** Opening Data shown block **
subsection \<open>Products of finitely supported functions\<close>

lemma finite_factorizations: "finite {p. fst p @ snd p = (z::'x list)}"
proof -
  have "{p. fst p @ snd p = z} = (\<lambda>i. (take i z, drop i z)) ` {..length z}"
  proof (rule set_eqI, rule iffI)
    fix p assume "p \<in> {p. fst p @ snd p = z}"
    then show "p \<in> (\<lambda>i. (take i z, drop i z)) ` {..length z}"
      by (intro image_eqI[where x="length (fst p)"]) auto
  qed auto
  then show ?thesis by simp
qed

lemma fmult_nonzero_factorization:
  assumes "fmult f g z \<noteq> 0"
  obtains a b where "z = a @ b" "f a \<noteq> 0" "g b \<noteq> 0"
proof -
  from assms obtain p where "p \<in> {p. fst p @ snd p = z}" "f (fst p) * g (snd p) \<noteq> 0"
    unfolding fmult_def by (meson sum.not_neutral_contains_not_neutral)
  then show ?thesis using that by auto
qed

lemma wmono_FF: "wmono u \<in> FF"
  unfolding FF_def wmono_def by simp

lemma fmult_FF:
  assumes "f \<in> FF" "g \<in> FF"
  shows "fmult f g \<in> FF"
proof -
  let ?A = "{u. f u \<noteq> 0}" and ?B = "{u. g u \<noteq> 0}"
  have "{z. fmult f g z \<noteq> 0} \<subseteq> (\<lambda>(a, b). a @ b) ` (?A \<times> ?B)"
    by (auto elim!: fmult_nonzero_factorization)
  moreover have "finite ((\<lambda>(a, b). a @ b) ` (?A \<times> ?B))"
    using assms unfolding FF_def by simp
  ultimately show ?thesis unfolding FF_def by (auto intro: finite_subset)
qed

lemma fmult_wmono_wmono: "fmult (wmono a) (wmono b) = (wmono (a @ b) :: 'x list \<Rightarrow> 'k::field)"
proof
  fix z :: "'x list"
  let ?S = "{p. fst p @ snd p = z}"
  have "fmult (wmono a) (wmono b) z = (\<Sum>p\<in>?S. if p = (a, b) then 1 else 0)"
    unfolding fmult_def wmono_def by (rule sum.cong) (auto simp: prod_eq_iff)
  also have "\<dots> = wmono (a @ b) z"
    using finite_factorizations[of z] unfolding wmono_def by auto
  finally show "fmult (wmono a) (wmono b) z = wmono (a @ b) z" .
qed

lemma fmult_wmono_left_append: "fmult (wmono w) f (w @ u) = f u"
proof -
  let ?S = "{p. fst p @ snd p = w @ u}"
  have "fmult (wmono w) f (w @ u) = (\<Sum>p\<in>?S. if p = (w, u) then f u else 0)"
    unfolding fmult_def wmono_def by (rule sum.cong) (auto simp: prod_eq_iff)
  also have "\<dots> = f u"
    using finite_factorizations[of "w @ u"] by simp
  finally show ?thesis .
qed

subsection \<open>Subspaces spanned by words\<close>

definition monomial_span :: "'x list set \<Rightarrow> ('x list \<Rightarrow> 'k::field) set" where
  "monomial_span P = {f \<in> FF. \<forall>u. f u \<noteq> 0 \<longrightarrow> u \<in> P}"

lemma wmono_in_monomial_span_iff:
  "(wmono u :: 'x list \<Rightarrow> 'k::field) \<in> monomial_span P \<longleftrightarrow> u \<in> P"
  unfolding monomial_span_def wmono_def FF_def by auto

lemma monomial_span_mono: "P \<subseteq> Q \<Longrightarrow> monomial_span P \<subseteq> monomial_span Q"
  unfolding monomial_span_def by blast

lemma monomial_span_inj:
  assumes "(monomial_span P :: ('x list \<Rightarrow> 'k::field) set) = monomial_span Q"
  shows "P = Q"
  using wmono_in_monomial_span_iff[where 'k='k, of _ P] wmono_in_monomial_span_iff[where 'k='k, of _ Q]
    assms by blast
** Closing Data shown block **
→ **Assigned task**
Filter the entries and copy out every line with the word "also".

→ **Written response**
  also have "\<dots> = wmono (a @ b) z"
  also have "\<dots> = f u"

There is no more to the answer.